Go over the data and keep only the lines that include "close".

(Dataset entries)
#####

lemma spectral_radius_component_transfer_scaled:
  assumes M: "\<And>\<alpha>. \<alpha> < N \<Longrightarrow> M \<alpha> \<in> carrier_mat m m" and s: "0 < s" and m: "0 < m"
  shows "spectral_radius (component_transfer N (\<lambda>\<alpha>. complex_of_real (sqrt s) \<cdot>\<^sub>m M \<alpha>) m)
    \<le> s * spectral_radius (component_transfer N M m)"
proof -
  let ?M' = "\<lambda>\<alpha>. complex_of_real (sqrt s) \<cdot>\<^sub>m M \<alpha>"
  have "0 < m * m"
    using m by simp
  note radius = spectral_radius_mem_max[OF component_transfer_carrier this]
  have scaled: "transfer_apply N ?M' m Y a b = s * transfer_apply N M m Y a b"
    if "a < m" "b < m" for Y a b
  proof -
    have "cnj (complex_of_real (sqrt s)) * complex_of_real (sqrt s) = complex_of_real s"
      using s by (simp flip: of_real_mult)
    then have "transfer_kernel N ?M' a b c d = s * transfer_kernel N M a b c d"
      if "c < m" "d < m" for c d
      using transfer_kernel_smult[where N = N and M = M and r = "complex_of_real (sqrt s)",
          OF M \<open>a < m\<close> \<open>b < m\<close> that]
      by simp
    then show ?thesis
      by (simp add: transfer_apply_def sum_distrib_left mult.assoc)
  qed
  obtain l where l: "eigenvalue (component_transfer N ?M' m) l"
    and radius_l: "spectral_radius (component_transfer N ?M' m) = cmod l"
    using radius(1)[of N ?M'] by (auto simp: spectrum_def)
  from l obtain Y where Y: "\<exists>a<m. \<exists>b<m. Y a b \<noteq> 0"
    "\<forall>a<m. \<forall>b<m. transfer_apply N ?M' m Y a b = l * Y a b"
    unfolding eigenvalue_component_transfer_iff by blast
  have "\<forall>a<m. \<forall>b<m. transfer_apply N M m Y a b = l / s * Y a b"
    using Y(2) s by (simp add: scaled field_simps)
  with Y(1) have "eigenvalue (component_transfer N M m) (l / s)"
    unfolding eigenvalue_component_transfer_iff by blast
  then have "cmod (l / s) \<le> spectral_radius (component_transfer N M m)"
    using radius(2) unfolding spectrum_def by auto
  then show ?thesis
    using s radius_l by (simp add: norm_divide field_simps)
qed
(* Let $\mathbf C$ be the covariance matrix of a Matérn Gaussian process with parameters $(\sigma_0^2,\phi_0,\nu_0)$ evaluated at locations $s_1,\dots,s_n\in\mathbb R^2$ satisfying $\|s_i-s_j\|\ge h$ for all $i\ne j$, for a fixed $h>0$, and let $\tau_0^2\ge0$. Then the maximum eigenvalue of $\boldsymbol\Sigma=\mathbf C+\tau_0^2\mathbf I$ has an upper bound $\Psi_{high}<\infty$ that is uniform in $n$.
   Context: Matérn covariance: $\mathbf C_{ij}=C(\|s_i-s_j\|)$ with $C(d)=\frac{2^{1-\nu_0}\sigma_0^2(\sqrt2\phi_0d)^{\nu_0}}{\Gamma(\nu_0)}\mathcal K_{\nu_0}(\sqrt2\phi_0d)$ (and $C(0)=\sigma_0^2$), $\mathcal K_\nu$ the modified Bessel function of the second kind. *)

theory Defs
  imports "HOL-Analysis.Analysis" "Jordan_Normal_Form.Char_Poly"
begin

text \<open>Modified Bessel function of the second kind, for x > 0, via the standard
  integral representation K_nu(x) = integral over [0,inf) of exp(-x cosh t) cosh(nu t) dt.\<close>
definition besselK :: "real \<Rightarrow> real \<Rightarrow> real" where
  "besselK \<nu> x = integral {0..} (\<lambda>t. exp (- x * cosh t) * cosh (\<nu> * t))"

definition matern :: "real \<Rightarrow> real \<Rightarrow> real \<Rightarrow> real \<Rightarrow> real" where
  "matern \<sigma>2 \<phi> \<nu> d =
     (if d = 0 then \<sigma>2
      else 2 powr (1 - \<nu>) * \<sigma>2 * (sqrt 2 * \<phi> * d) powr \<nu> / Gamma \<nu>
           * besselK \<nu> (sqrt 2 * \<phi> * d))"
(* Consider the storage model described in the context, and assume: (i) the graph $\mathcal G$ on $\{1,\dots,n\}$ in which $j,k$ are adjacent iff $j,k\in S_i$ for some $i$ is connected; (ii) the linear system \[ \sum_{j=1}^{\kappa_i}\alpha_{ij}=\lambda_i\ (i=1,\dots,\mathcal K),\qquad \sum_{i=1}^{\mathcal K}\sum_{j=1}^{\kappa_i}\alpha_{ij}\,\delta_{\ell,s^i_j}=\tfrac1n\ (\ell=1,\dots,n) \] has a positive solution $(\alpha_{ij})$ (all $\alpha_{ij}>0$). Suppose the embedded shape chain $\{\tilde X^e(m)\}_{m\in\mathbb N}$ is constructed using either the Join the Shortest Queue routing policy or the $\varepsilon$-perturbed strong equilibrium routing policy (built from such a positive solution, with $0<\varepsilon<\min_{i,j}\alpha_{ij}$). Then $\tilde X^e(m)$ is positive recurrent, i.e. $\mathbf E(\tau\mid \tilde X^e(0)=x)<\infty$ for every state $x$, where $\tau=\inf\{m>0:\tilde X^e(m)=0\}$. Moreover, there exists $c>0$ such that for all $0<c'<c$, $\mathbf E(e^{c'\tau}\mid \tilde X^e(0)=x)<\infty$ for all $x$.
   Context: Storage model: there are $n$ nodes $\{1,\dots,n\}$ and $\mathcal K\ge1$ non-empty neighborhoods $S_1,\dots,S_{\mathcal K}\subset\{1,\dots,n\}$ with $\bigcup_i S_i=\{1,\dots,n\}$; $\kappa_i=|S_i|$ and $S_i=\{s^i_1,\dots,s^i_{\kappa_i}\}$ is a fixed enumeration. Items arrive at $S_i$ as independent Poisson processes with rates $\lambda_i>0$, $\sum_{i=1}^{\mathcal K}\lambda_i=1$. Let $\Lambda_i=\{p\in\mathbb R^{\kappa_i}:p_j\ge0,\sum_j p_j=1\}$. A routing policy is a map $P:\mathbb N^n\to\Lambda_1\times\dots\times\Lambda_{\mathcal K}$, $P(x)=(p^{(1)}(x),\dots,p^{(\mathcal K)}(x))$, with $P(x+c\mathbf 1)=P(x)$ for all integers $c$ (it depends only on the shape); an item arriving at $S_i$ when the configuration is $x$ is stored at node $s^i_j$ with probability $p^{(i)}_j(x)$, independently for each arrival. $X(t)=(X_1(t),\dots,X_n(t))$ is the number of items at each node at time $t$, $M(t)=\frac1n\sum_iX_i(t)$, and the shape is $\tilde X(t)=(X_1(t)-M(t),\dots,X_n(t)-M(t))$. $X^e(m)$, $\tilde X^e(m)$ denote the embedded chains observed at successive arrival moments. For $x\in\mathbb N^n$, $s^i_{j_{\min}}(x)$ is the first node of $S_i$ (in the enumeration) at which $x$ is minimal over $S_i$, and $s^i_{j_{\max}}(x)$ the last node of $S_i$ at which $x$ is maximal over $S_i$. JSQ routing policy: $p^{(i)}_j(x)=1$ if $s^i_j=s^i_{j_{\min}}(x)$ and $0$ otherwise. $\varepsilon$-PSERP: given a positive solution $\alpha_{ij}$ of the system above and $0<\varepsilon<\min\alpha_{ij}$, $p^{(i)}_j(x)=(\alpha_{ij}+\varepsilon)/\lambda_i$ if $s^i_j=s^i_{j_{\min}}(x)$, $(\alpha_{ij}-\varepsilon)/\lambda_i$ if $s^i_j=s^i_{j_{\max}}(x)$, $\alpha_{ij}/\lambda_i$ otherwise; if $\kappa_i=1$ then $p^{(i)}_1\equiv1$. $\delta_{\ell,m}$ is the Kronecker delta. *)

theory Defs
  imports "HOL-Probability.Probability_Mass_Function"
begin

(* Nodes are 1..n, neighborhoods are indexed 1..K.  S i :: nat list is the fixed
   enumeration of S_i, so s^i_j (paper, j = 1..kappa_i) is  S i ! (j-1)  here, i.e.
   enumeration positions are 0-based: j < length (S i).
   A configuration x in N^n is a function nat => nat, vanishing outside {1..n}.
   A routing policy is given as  P x i j = p^{(i)}_j(x)  (j 0-based position). *)

definition kap :: "(nat \<Rightarrow> nat list) \<Rightarrow> nat \<Rightarrow> nat" where
  "kap S i = length (S i)"

definition configs :: "nat \<Rightarrow> (nat \<Rightarrow> nat) set" where
  "configs n = {x. \<forall>l. l \<notin> {1..n} \<longrightarrow> x l = 0}"

definition storage_model ::
  "nat \<Rightarrow> nat \<Rightarrow> (nat \<Rightarrow> nat list) \<Rightarrow> (nat \<Rightarrow> real) \<Rightarrow> bool" where
  "storage_model n K S lam \<longleftrightarrow>
     K \<ge> 1 \<and>
     (\<forall>i\<in>{1..K}. S i \<noteq> [] \<and> distinct (S i) \<and> set (S i) \<subseteq> {1..n}) \<and>
     (\<Union>i\<in>{1..K}. set (S i)) = {1..n} \<and>
     (\<forall>i\<in>{1..K}. lam i > 0) \<and> (\<Sum>i=1..K. lam i) = 1"

definition adjG :: "nat \<Rightarrow> (nat \<Rightarrow> nat list) \<Rightarrow> nat \<Rightarrow> nat \<Rightarrow> bool" where
  "adjG K S j k \<longleftrightarrow> (\<exists>i\<in>{1..K}. j \<in> set (S i) \<and> k \<in> set (S i))"

definition graph_connected :: "nat \<Rightarrow> nat \<Rightarrow> (nat \<Rightarrow> nat list) \<Rightarrow> bool" where
  "graph_connected n K S \<longleftrightarrow> (\<forall>j\<in>{1..n}. \<forall>k\<in>{1..n}. (adjG K S)\<^sup>*\<^sup>* j k)"

definition positive_solution ::
  "nat \<Rightarrow> nat \<Rightarrow> (nat \<Rightarrow> nat list) \<Rightarrow> (nat \<Rightarrow> real) \<Rightarrow> (nat \<Rightarrow> nat \<Rightarrow> real) \<Rightarrow> bool" where
  "positive_solution n K S lam \<alpha> \<longleftrightarrow>
     (\<forall>i\<in>{1..K}. \<forall>j<kap S i. \<alpha> i j > 0) \<and>
     (\<forall>i\<in>{1..K}. (\<Sum>j<kap S i. \<alpha> i j) = lam i) \<and>
     (\<forall>l\<in>{1..n}. (\<Sum>i=1..K. \<Sum>j<kap S i. \<alpha> i j * (if l = S i ! j then 1 else 0)) = 1 / real n)"

definition jmin :: "(nat \<Rightarrow> nat list) \<Rightarrow> (nat \<Rightarrow> nat) \<Rightarrow> nat \<Rightarrow> nat" where
  "jmin S x i = (LEAST j. j < kap S i \<and> x (S i ! j) = Min (x ` set (S i)))"

definition jmax :: "(nat \<Rightarrow> nat list) \<Rightarrow> (nat \<Rightarrow> nat) \<Rightarrow> nat \<Rightarrow> nat" where
  "jmax S x i = (GREATEST j. j < kap S i \<and> x (S i ! j) = Max (x ` set (S i)))"

definition JSQ :: "(nat \<Rightarrow> nat list) \<Rightarrow> (nat \<Rightarrow> nat) \<Rightarrow> nat \<Rightarrow> nat \<Rightarrow> real" where
  "JSQ S x i j = (if j = jmin S x i then 1 else 0)"

definition PSERP ::
  "(nat \<Rightarrow> nat list) \<Rightarrow> (nat \<Rightarrow> real) \<Rightarrow> (nat \<Rightarrow> nat \<Rightarrow> real) \<Rightarrow> real
     \<Rightarrow> (nat \<Rightarrow> nat) \<Rightarrow> nat \<Rightarrow> nat \<Rightarrow> real" where
  "PSERP S lam \<alpha> \<epsilon> x i j =
     (if kap S i = 1 then 1
      else if j = jmin S x i then (\<alpha> i j + \<epsilon>) / lam i
      else if j = jmax S x i then (\<alpha> i j - \<epsilon>) / lam i
      else \<alpha> i j / lam i)"

(* one step of the embedded chain X^e: an arrival goes to S_i with probability lam i
   (= lam_i / sum of rates), then to node S i ! j with probability P x i j *)
definition nbhd_pmf :: "nat \<Rightarrow> (nat \<Rightarrow> real) \<Rightarrow> nat pmf" where
  "nbhd_pmf K lam = embed_pmf (\<lambda>i. if i \<in> {1..K} then lam i else 0)"

definition route_pmf ::
  "(nat \<Rightarrow> nat list) \<Rightarrow> ((nat \<Rightarrow> nat) \<Rightarrow> nat \<Rightarrow> nat \<Rightarrow> real) \<Rightarrow> (nat \<Rightarrow> nat) \<Rightarrow> nat \<Rightarrow> nat pmf" where
  "route_pmf S P x i = embed_pmf (\<lambda>j. if j < kap S i then P x i j else 0)"

definition step_pmf ::
  "nat \<Rightarrow> (nat \<Rightarrow> nat list) \<Rightarrow> (nat \<Rightarrow> real) \<Rightarrow> ((nat \<Rightarrow> nat) \<Rightarrow> nat \<Rightarrow> nat \<Rightarrow> real)
     \<Rightarrow> (nat \<Rightarrow> nat) \<Rightarrow> (nat \<Rightarrow> nat) pmf" where
  "step_pmf K S lam P x =
     bind_pmf (nbhd_pmf K lam) (\<lambda>i.
       map_pmf (\<lambda>j. x(S i ! j := Suc (x (S i ! j)))) (route_pmf S P x i))"

(* joint law of (X^e(1), ..., X^e(m)) given X^e(0) = x *)
primrec traj :: "((nat \<Rightarrow> nat) \<Rightarrow> (nat \<Rightarrow> nat) pmf) \<Rightarrow> nat \<Rightarrow> (nat \<Rightarrow> nat) \<Rightarrow> (nat \<Rightarrow> nat) list pmf" where
  "traj st 0 x = return_pmf []"
| "traj st (Suc m) x = bind_pmf (st x) (\<lambda>y. map_pmf (Cons y) (traj st m y))"

definition mean :: "nat \<Rightarrow> (nat \<Rightarrow> nat) \<Rightarrow> real" where
  "mean n x = (\<Sum>l=1..n. real (x l)) / real n"

definition shape :: "nat \<Rightarrow> (nat \<Rightarrow> nat) \<Rightarrow> nat \<Rightarrow> real" where
  "shape n x = (\<lambda>l. if l \<in> {1..n} then real (x l) - mean n x else 0)"

(* P(tau = m | X~^e(0) = shape x), tau = inf {m > 0. X~^e(m) = 0};
   ys = [X^e(1),...,X^e(m)] *)
definition tau_prob ::
  "nat \<Rightarrow> ((nat \<Rightarrow> nat) \<Rightarrow> (nat \<Rightarrow> nat) pmf) \<Rightarrow> (nat \<Rightarrow> nat) \<Rightarrow> nat \<Rightarrow> real" where
  "tau_prob n st x m = measure_pmf.prob (traj st m x)
     {ys. 0 < m \<and> shape n (ys ! (m - 1)) = (\<lambda>_. 0) \<and> (\<forall>k < m - 1. shape n (ys ! k) \<noteq> (\<lambda>_. 0))}"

#####

# Response below
          OF M \<open>a < m\<close> \<open>b < m\<close> that]
  integral representation K_nu(x) = integral over [0,inf) of exp(-x cosh t) cosh(nu t) dt.\<close>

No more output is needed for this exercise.